> To do
Restate word for word the lines of the data below, from the first through the one that has "(-1)^n C(2n, n)".

> Record excerpts
(*
  Write p = 2n + 1 and t = 2^(p-1) - 1 = p q_p(2).  Each binomial coefficient occurring in
  G(p, n+1) is a generalised binomial coefficient (x + m choose m) = prod_{i<=m} (1 + x/i) with
  p | x, and modulo p^3 it equals 1 + x H_m + x^2 (H_m^2 - H2_m)/2, where H and H2 are the
  harmonic sums of 1/i and 1/i^2.  For m = p - 1 Wolstenholme's congruences H_(p-1) = 0 mod p^2
  and H2_(p-1) = 0 mod p give C(2p-1, p-1) = C(3p-1, p-1) = 1 mod p^3; for m = n one still has
  H2_n = 0 mod p.  Since (-p + n choose n) = 4^n (-1/2 choose n), comparing the two expansions
  yields Lehmer's congruence p H_n = -2t + t^2 mod p^3, hence Morley's congruence
  (-1)^n C(2n, n) = (1 + t)^2 and C(3n+1, n) = 1 - 2t + 3t^2 mod p^3.  Substituting into
  G(p, n+1) = (-1)^n p C(2p-1, p-1)^2 C(3p-1, p-1) C(2n, n) / (C(3n+1, n) 4^(7n)) and expanding
  (1 + t)^2 / ((1 - 2t + 3t^2) (1 + t)^7) to second order in t gives the claim.
*)

section \<open>Rationals without p in the denominator\<close>

definition p_integral :: "nat \<Rightarrow> rat \<Rightarrow> bool" where
  "p_integral p x \<longleftrightarrow> (\<exists>a b. x = of_int a / of_int b \<and> \<not> int p dvd b)"

definition p_multiple :: "nat \<Rightarrow> nat \<Rightarrow> rat \<Rightarrow> bool" where
  "p_multiple p k x \<longleftrightarrow> (\<exists>y. p_integral p y \<and> x = of_nat p ^ k * y)"

locale prime_modulus =
  fixes p :: nat
  assumes prime: "prime p"
begin

lemma not_dvd_mult: "\<not> int p dvd a \<Longrightarrow> \<not> int p dvd b \<Longrightarrow> \<not> int p dvd a * b"
  using prime by (simp add: prime_dvd_mult_iff)

lemma not_dvd_less: "0 < i \<Longrightarrow> i < p \<Longrightarrow> \<not> p dvd i"
  by (auto dest: dvd_imp_le)

lemma p_integral_of_int [simp]: "p_integral p (of_int a)"
  unfolding p_integral_def using prime
  by (intro exI[of _ a] exI[of _ 1]) (auto simp: prime_gt_1_nat)

lemma p_integral_of_nat [simp]: "p_integral p (of_nat a)"
  using p_integral_of_int[of "int a"] by simp

lemma p_integral_numeral [simp]: "p_integral p (numeral k)"
  using p_integral_of_nat[of "numeral k"] by simp

lemma p_integral_0 [simp]: "p_integral p 0" and p_integral_1 [simp]: "p_integral p 1"
  using p_integral_of_int[of 0] p_integral_of_int[of 1] by auto

lemma p_integral_divide_int:
  assumes "p_integral p x" "\<not> int p dvd b"
  shows "p_integral p (x / of_int b)"
proof -
  obtain a c where "x = of_int a / of_int c" "\<not> int p dvd c"
    using assms(1) unfolding p_integral_def by blast
  then have "x / of_int b = of_int a / of_int (c * b)" "\<not> int p dvd c * b"
    using assms(2) not_dvd_mult by auto
  then show ?thesis unfolding p_integral_def by blast
qed

lemma p_integral_mult [intro]:
  assumes "p_integral p x" "p_integral p y"
  shows "p_integral p (x * y)"
proof -
  obtain a b c d where x: "x = of_int a / of_int b" "\<not> int p dvd b"
    and y: "y = of_int c / of_int d" "\<not> int p dvd d"
    using assms unfolding p_integral_def by blast
  then have "x * y = of_int (a * c) / of_int (b * d)" by simp
  then show ?thesis
    using x(2) y(2) not_dvd_mult unfolding p_integral_def by blast
qed

lemma p_integral_add [intro]:
  assumes "p_integral p x" "p_integral p y"
  shows "p_integral p (x + y)"
proof -
  obtain a b c d where x: "x = of_int a / of_int b" "\<not> int p dvd b"
    and y: "y = of_int c / of_int d" "\<not> int p dvd d"
    using assms unfolding p_integral_def by blast
  have "b \<noteq> 0" "d \<noteq> 0" using x(2) y(2) by auto
  then have "x + y = of_int (a * d + c * b) / of_int (b * d)"
    using x y by (simp add: field_simps)
  then show ?thesis
    using x(2) y(2) not_dvd_mult unfolding p_integral_def by blast
qed

lemma p_integral_uminus [intro]: "p_integral p x \<Longrightarrow> p_integral p (- x)"
  using p_integral_mult[OF p_integral_of_int[of "-1"], of x] by simp

lemma p_integral_neg_numeral [simp]: "p_integral p (- numeral k)"
  and p_integral_neg_1 [simp]: "p_integral p (- 1)"
  by (rule p_integral_uminus, simp)+

lemma p_integral_diff [intro]: "p_integral p x \<Longrightarrow> p_integral p y \<Longrightarrow> p_integral p (x - y)"
  using p_integral_add[of x "- y"] by auto

lemma p_integral_power [intro]: "p_integral p x \<Longrightarrow> p_integral p (x ^ m)"
  by (induction m) auto

lemma p_integral_sum [intro]: "(\<And>i. i \<in> A \<Longrightarrow> p_integral p (f i)) \<Longrightarrow> p_integral p (sum f A)"
  by (induction A rule: infinite_finite_induct) auto

lemma p_integral_divide_nat: "p_integral p x \<Longrightarrow> \<not> p dvd b \<Longrightarrow> p_integral p (x / of_nat b)"
  using p_integral_divide_int[of x "int b"] by simp

lemma p_integral_divide_less: "p_integral p x \<Longrightarrow> 0 < b \<Longrightarrow> b < p \<Longrightarrow> p_integral p (x / of_nat b)"
  by (rule p_integral_divide_nat) (auto dest: dvd_imp_le)

lemma p_multiple_imp_p_integral: "p_multiple p k x \<Longrightarrow> p_integral p x"
  unfolding p_multiple_def by (auto intro!: p_integral_mult p_integral_power)

lemma p_multiple_0_iff: "p_multiple p 0 x \<longleftrightarrow> p_integral p x"
  unfolding p_multiple_def by auto

lemma p_multiple_zero [simp]: "p_multiple p k 0"
  unfolding p_multiple_def by (intro exI[of _ 0]) auto

lemma p_multiple_of_nat_p: "p_multiple p 1 (of_nat p)"
  unfolding p_multiple_def by (intro exI[of _ 1]) auto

> Expected answer
(*
  Write p = 2n + 1 and t = 2^(p-1) - 1 = p q_p(2).  Each binomial coefficient occurring in
  G(p, n+1) is a generalised binomial coefficient (x + m choose m) = prod_{i<=m} (1 + x/i) with
  p | x, and modulo p^3 it equals 1 + x H_m + x^2 (H_m^2 - H2_m)/2, where H and H2 are the
  harmonic sums of 1/i and 1/i^2.  For m = p - 1 Wolstenholme's congruences H_(p-1) = 0 mod p^2
  and H2_(p-1) = 0 mod p give C(2p-1, p-1) = C(3p-1, p-1) = 1 mod p^3; for m = n one still has
  H2_n = 0 mod p.  Since (-p + n choose n) = 4^n (-1/2 choose n), comparing the two expansions
  yields Lehmer's congruence p H_n = -2t + t^2 mod p^3, hence Morley's congruence
  (-1)^n C(2n, n) = (1 + t)^2 and C(3n+1, n) = 1 - 2t + 3t^2 mod p^3.  Substituting into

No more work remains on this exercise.